lemma surf_rel_context:
  assumes "(a, b) \<in> surf_rel g" and "u \<in> words g" and "v \<in> words g"
  shows "(u @ a @ v, u @ b @ v) \<in> surf_rel g"
proof -
  let ?S = "surf_step g \<union> (surf_step g)\<inverse>"
  have "(u @ x @ v, u @ y @ v) \<in> ?S" if "(x, y) \<in> ?S" for x y
    using that surf_step_context assms(2,3) by blast
  moreover have "(a, b) \<in> ?S\<^sup>*"
    using assms(1) by (simp add: surf_rel_def)
  ultimately have "(u @ a @ v, u @ b @ v) \<in> ?S\<^sup>*"
    by (rule rtrancl_map)
  then show ?thesis
    using assms by (auto simp: surf_rel_def)
qed

lemma surf_rel_append:
  assumes "(a, a') \<in> surf_rel g" and "(b, b') \<in> surf_rel g"
  shows "(a @ b, a' @ b') \<in> surf_rel g"
proof -
  have words: "a' \<in> words g" "b \<in> words g"
    using assms by (auto simp: surf_rel_def)
  have "(a @ b, a' @ b) \<in> surf_rel g"
    using surf_rel_context[OF assms(1) words_Nil words(2)] by simp
  moreover have "(a' @ b, a' @ b') \<in> surf_rel g"
    using surf_rel_context[OF assms(2) words(1) words_Nil] by simp
  ultimately show ?thesis
    using equiv_surf_rel by (meson equivE transD)
qed

lemma surf_class_in_carrier [simp]: "w \<in> words g \<Longrightarrow> surf_class g w \<in> carrier (surface_group g)"
  by (simp add: surface_group_def surf_class_def quotientI)

lemma surface_group_carrierE:
  assumes "A \<in> carrier (surface_group g)"
  obtains w where "w \<in> words g" and "A = surf_class g w"
  using assms by (auto simp: surface_group_def surf_class_def quotient_def)

lemma one_surface_group: "\<one>\<^bsub>surface_group g\<^esub> = surf_class g []"
  by (simp add: surface_group_def surf_class_def)

lemma surf_class_eq_iff:
  "w \<in> words g \<Longrightarrow> w' \<in> words g \<Longrightarrow> surf_class g w = surf_class g w' \<longleftrightarrow> (w, w') \<in> surf_rel g"
  unfolding surf_class_def by (rule eq_equiv_class_iff[OF equiv_surf_rel])

lemma surf_class_self: "w \<in> words g \<Longrightarrow> w \<in> surf_class g w"
  using equiv_surf_rel by (auto simp: surf_class_def equiv_def refl_on_def)

lemma surf_class_mult:
  assumes "w \<in> words g" and "v \<in> words g"
  shows "surf_class g w \<otimes>\<^bsub>surface_group g\<^esub> surf_class g v = surf_class g (w @ v)"
proof -
  have "(\<Union>x\<in>surf_class g w. \<Union>y\<in>surf_class g v. surf_rel g `` {x @ y}) = surf_class g (w @ v)"
  proof (intro equalityI subsetI)
    fix z assume "z \<in> (\<Union>x\<in>surf_class g w. \<Union>y\<in>surf_class g v. surf_rel g `` {x @ y})"
    then obtain x y where "(w, x) \<in> surf_rel g" "(v, y) \<in> surf_rel g" "(x @ y, z) \<in> surf_rel g"
      by (auto simp: surf_class_def)
    then show "z \<in> surf_class g (w @ v)"
      using surf_rel_append equiv_surf_rel unfolding surf_class_def by (meson Image_singleton_iff equivE transD)
  next
    fix z assume "z \<in> surf_class g (w @ v)"
    then show "z \<in> (\<Union>x\<in>surf_class g w. \<Union>y\<in>surf_class g v. surf_rel g `` {x @ y})"
      using assms surf_class_self by (auto simp: surf_class_def)
  qed
  then show ?thesis
    by (simp add: surface_group_def surf_class_def)
qed

lemma surf_class_step: "(a, b) \<in> surf_step g \<Longrightarrow> surf_class g a = surf_class g b"
  using surf_step_words surf_class_eq_iff by (fastforce simp: surf_rel_def)

lemma surf_class_cancel: "fst x < 2 * g \<Longrightarrow> surf_class g [x, inv_letter x] = surf_class g []"
  using surf_class_step[OF surf_step.cancel[of "[]" g "[]" x]] by simp

lemma surf_class_relator: "surf_class g (surf_relator g) = surf_class g []"
  using surf_class_step[OF surf_step.relator[of "[]" g "[]"]] by simp

lemma monoid_surface_group: "monoid (surface_group g)"
proof (rule monoidI)
  fix A B C
  assume A: "A \<in> carrier (surface_group g)" and B: "B \<in> carrier (surface_group g)"
    and C: "C \<in> carrier (surface_group g)"
  from A B C obtain u v w where "u \<in> words g" "v \<in> words g" "w \<in> words g"
    and "A = surf_class g u" "B = surf_class g v" "C = surf_class g w"
    by (metis surface_group_carrierE)
  then show "A \<otimes>\<^bsub>surface_group g\<^esub> B \<in> carrier (surface_group g)"
    and "A \<otimes>\<^bsub>surface_group g\<^esub> B \<otimes>\<^bsub>surface_group g\<^esub> C
           = A \<otimes>\<^bsub>surface_group g\<^esub> (B \<otimes>\<^bsub>surface_group g\<^esub> C)"
    and "\<one>\<^bsub>surface_group g\<^esub> \<otimes>\<^bsub>surface_group g\<^esub> A = A"
    and "A \<otimes>\<^bsub>surface_group g\<^esub> \<one>\<^bsub>surface_group g\<^esub> = A"
    by (simp_all add: surf_class_mult one_surface_group)
qed (simp add: one_surface_group)

section \<open>Normalized 2-cocycles and the pairing with chains\<close>

definition normalized_2cocycle :: "('x, 'c) monoid_scheme \<Rightarrow> ('x \<Rightarrow> 'x \<Rightarrow> complex) \<Rightarrow> bool" where
  "normalized_2cocycle \<Gamma> \<delta> \<longleftrightarrow>
     (\<forall>a\<in>carrier \<Gamma>. \<forall>b\<in>carrier \<Gamma>. cmod (\<delta> a b) = 1) \<and>
     (\<forall>a\<in>carrier \<Gamma>. \<delta> \<one>\<^bsub>\<Gamma>\<^esub> a = 1 \<and> \<delta> a \<one>\<^bsub>\<Gamma>\<^esub> = 1) \<and>
     (\<forall>a\<in>carrier \<Gamma>. \<forall>b\<in>carrier \<Gamma>. \<forall>c\<in>carrier \<Gamma>.
        \<delta> b c * \<delta> a (b \<otimes>\<^bsub>\<Gamma>\<^esub> c) = \<delta> (a \<otimes>\<^bsub>\<Gamma>\<^esub> b) c * \<delta> a b)"

definition u1_coboundary :: "('x, 'c) monoid_scheme \<Rightarrow> ('x \<Rightarrow> 'x \<Rightarrow> complex) \<Rightarrow> bool" where
  "u1_coboundary \<Gamma> \<delta> \<longleftrightarrow>
     (\<exists>\<eta>. (\<forall>a\<in>carrier \<Gamma>. cmod (\<eta> a) = 1) \<and>
          (\<forall>a\<in>carrier \<Gamma>. \<forall>b\<in>carrier \<Gamma>. \<eta> (a \<otimes>\<^bsub>\<Gamma>\<^esub> b) = \<delta> a b * \<eta> a * \<eta> b))"

lemma weak_rep_lift_ratio_cocycle:
  assumes "monoid \<Gamma>"
    and \<gamma>: "weak_rep_lift \<Gamma> G \<alpha> \<rho> \<gamma>" and \<gamma>': "weak_rep_lift \<Gamma> G \<alpha> \<rho> \<gamma>'"
  shows "normalized_2cocycle \<Gamma> (\<lambda>a b. \<gamma>' a b / \<gamma> a b)"
  unfolding normalized_2cocycle_def
proof (intro conjI ballI)
  have unit: "cmod (\<gamma> a b) = 1" "cmod (\<gamma>' a b) = 1"
    if "a \<in> carrier \<Gamma>" "b \<in> carrier \<Gamma>" for a b
    using \<gamma> \<gamma>' that by (auto simp: weak_rep_lift_def)
  then have nonzero: "\<gamma> a b \<noteq> 0" "\<gamma>' a b \<noteq> 0" if "a \<in> carrier \<Gamma>" "b \<in> carrier \<Gamma>" for a b
    using that by fastforce+
  fix a b c assume a: "a \<in> carrier \<Gamma>" and b: "b \<in> carrier \<Gamma>" and c: "c \<in> carrier \<Gamma>"
  show "cmod (\<gamma>' a b / \<gamma> a b) = 1"
    using unit[OF a b] by (simp add: norm_divide)
  show "\<gamma>' \<one>\<^bsub>\<Gamma>\<^esub> a / \<gamma> \<one>\<^bsub>\<Gamma>\<^esub> a = 1" "\<gamma>' a \<one>\<^bsub>\<Gamma>\<^esub> / \<gamma> a \<one>\<^bsub>\<Gamma>\<^esub> = 1"
    using \<gamma> \<gamma>' a by (simp_all add: weak_rep_lift_def)
  have ab: "a \<otimes>\<^bsub>\<Gamma>\<^esub> b \<in> carrier \<Gamma>" and bc: "b \<otimes>\<^bsub>\<Gamma>\<^esub> c \<in> carrier \<Gamma>"
    using a b c \<open>monoid \<Gamma>\<close> by (simp_all add: monoid.m_closed)
  have "\<gamma> b c * inverse (\<gamma> (a \<otimes>\<^bsub>\<Gamma>\<^esub> b) c) * \<gamma> a (b \<otimes>\<^bsub>\<Gamma>\<^esub> c) * inverse (\<gamma> a b)
      = \<gamma>' b c * inverse (\<gamma>' (a \<otimes>\<^bsub>\<Gamma>\<^esub> b) c) * \<gamma>' a (b \<otimes>\<^bsub>\<Gamma>\<^esub> c) * inverse (\<gamma>' a b)"
    using \<gamma> \<gamma>' a b c by (simp add: weak_rep_lift_def)
  then show "\<gamma>' b c / \<gamma> b c * (\<gamma>' a (b \<otimes>\<^bsub>\<Gamma>\<^esub> c) / \<gamma> a (b \<otimes>\<^bsub>\<Gamma>\<^esub> c))
      = \<gamma>' (a \<otimes>\<^bsub>\<Gamma>\<^esub> b) c / \<gamma> (a \<otimes>\<^bsub>\<Gamma>\<^esub> b) c * (\<gamma>' a b / \<gamma> a b)"
    using nonzero[OF b c] nonzero[OF ab c] nonzero[OF a bc] nonzero[OF a b]
    by (simp add: field_simps)
qed

lemma normalized_2cocycle_inverse_commute:
  assumes "normalized_2cocycle \<Gamma> \<delta>" and "a \<in> carrier \<Gamma>" and "b \<in> carrier \<Gamma>"
    and "a \<otimes>\<^bsub>\<Gamma>\<^esub> b = \<one>\<^bsub>\<Gamma>\<^esub>" and "b \<otimes>\<^bsub>\<Gamma>\<^esub> a = \<one>\<^bsub>\<Gamma>\<^esub>"
  shows "\<delta> b a = \<delta> a b"
proof -
  have "\<delta> b a * \<delta> a (b \<otimes>\<^bsub>\<Gamma>\<^esub> a) = \<delta> (a \<otimes>\<^bsub>\<Gamma>\<^esub> b) a * \<delta> a b"
    using assms(1-3) by (simp add: normalized_2cocycle_def)
  then show ?thesis
    using assms by (simp add: normalized_2cocycle_def)
qed

lemma iso_over_identity_iff_coboundary:
  assumes "\<forall>a\<in>carrier \<Gamma>. \<forall>b\<in>carrier \<Gamma>. \<gamma> a b \<noteq> 0"
  shows "iso_over_identity \<Gamma> \<gamma> \<gamma>' \<longleftrightarrow> u1_coboundary \<Gamma> (\<lambda>a b. \<gamma>' a b / \<gamma> a b)"
proof -
  have "\<eta> (a \<otimes>\<^bsub>\<Gamma>\<^esub> b) * \<gamma> a b = \<gamma>' a b * \<eta> a * \<eta> b
          \<longleftrightarrow> \<eta> (a \<otimes>\<^bsub>\<Gamma>\<^esub> b) = \<gamma>' a b / \<gamma> a b * \<eta> a * \<eta> b"
    if "a \<in> carrier \<Gamma>" "b \<in> carrier \<Gamma>" for \<eta> a b
    using assms that by (auto simp: field_simps)
  then show ?thesis
    unfolding iso_over_identity_def u1_coboundary_def by (intro ex_cong1) auto
qed

lemma chain_pairing_divide:
  "chain_pairing \<Psi> (\<lambda>a b. f a b / h a b) = chain_pairing \<Psi> f / chain_pairing \<Psi> h"
  by (induction \<Psi>) (auto simp: chain_pairing_def power_int_divide_distrib)

lemma chain_pairing_nonzero:
  "\<forall>(c, a, b)\<in>set \<Psi>. \<gamma> a b \<noteq> 0 \<Longrightarrow> chain_pairing \<Psi> \<gamma> \<noteq> 0"
  by (induction \<Psi>) (auto simp: chain_pairing_def)

lemma surface_fundamental_cycle_in_carrier:
  assumes "(c, a, b) \<in> set (surface_fundamental_cycle g)"
  shows "a \<in> carrier (surface_group g)" and "b \<in> carrier (surface_group g)"
proof -
  let ?r = "surf_relator g"
  from assms consider k where "k < length ?r" "a = surf_class g (take k ?r)" "b = surf_class g [?r ! k]"
    | i where "i < 2 * g" "a = surf_class g [(i, False)]" "b = surf_class g [(i, True)]"
    unfolding surface_fundamental_cycle_def Let_def by auto
  then have "a \<in> carrier (surface_group g) \<and> b \<in> carrier (surface_group g)"
    by cases (simp_all add: words_take words_nth[OF surf_relator_in_words])
  then show "a \<in> carrier (surface_group g)" and "b \<in> carrier (surface_group g)"
    by simp_all
qed

section \<open>Trivializing a 2-cocycle on the surface group along words\<close>

definition letter_weight ::
  "nat \<Rightarrow> (letter list set \<Rightarrow> letter list set \<Rightarrow> complex) \<Rightarrow> letter \<Rightarrow> complex" where
  "letter_weight g \<delta> l =
     (if snd l then inverse (\<delta> (surf_class g [(fst l, False)]) (surf_class g [(fst l, True)])) else 1)"

definition word_weight ::
  "nat \<Rightarrow> (letter list set \<Rightarrow> letter list set \<Rightarrow> complex) \<Rightarrow> letter list \<Rightarrow> complex" where
  "word_weight g \<delta> w =
     (\<Prod>k<length w. letter_weight g \<delta> (w ! k) * \<delta> (surf_class g (take k w)) (surf_class g [w ! k]))"

lemma word_weight_Nil [simp]: "word_weight g \<delta> [] = 1"
  by (simp add: word_weight_def)

lemma word_weight_snoc:
  "word_weight g \<delta> (w @ [l])
     = word_weight g \<delta> w * letter_weight g \<delta> l * \<delta> (surf_class g w) (surf_class g [l])"
  unfolding word_weight_def by (simp add: nth_append)

locale surface_2cocycle =
  fixes g :: nat and \<delta> :: "letter list set \<Rightarrow> letter list set \<Rightarrow> complex"
  assumes normalized_2cocycle: "normalized_2cocycle (surface_group g) \<delta>"
begin

lemma unit_on_classes:
  "w \<in> words g \<Longrightarrow> v \<in> words g \<Longrightarrow> cmod (\<delta> (surf_class g w) (surf_class g v)) = 1"
  using normalized_2cocycle by (simp add: normalized_2cocycle_def)

lemma nonzero_on_classes:
  "w \<in> words g \<Longrightarrow> v \<in> words g \<Longrightarrow> \<delta> (surf_class g w) (surf_class g v) \<noteq> 0"
  using unit_on_classes by fastforce

lemma normalized_on_classes:
  "w \<in> words g \<Longrightarrow> \<delta> (surf_class g []) (surf_class g w) = 1 \<and> \<delta> (surf_class g w) (surf_class g []) = 1"
  using normalized_2cocycle by (simp add: normalized_2cocycle_def flip: one_surface_group)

-----

TASK
Set down only the lines above that fall between the line holding "g \<delta> (w @ [l])" and the line holding "fixes g :: nat", inclusive, keeping each exact.

OUTPUT BELOW
  "word_weight g \<delta> (w @ [l])
     = word_weight g \<delta> w * letter_weight g \<delta> l * \<delta> (surf_class g w) (surf_class g [l])"
  unfolding word_weight_def by (simp add: nth_append)

locale surface_2cocycle =
  fixes g :: nat and \<delta> :: "letter list set \<Rightarrow> letter list set \<Rightarrow> complex"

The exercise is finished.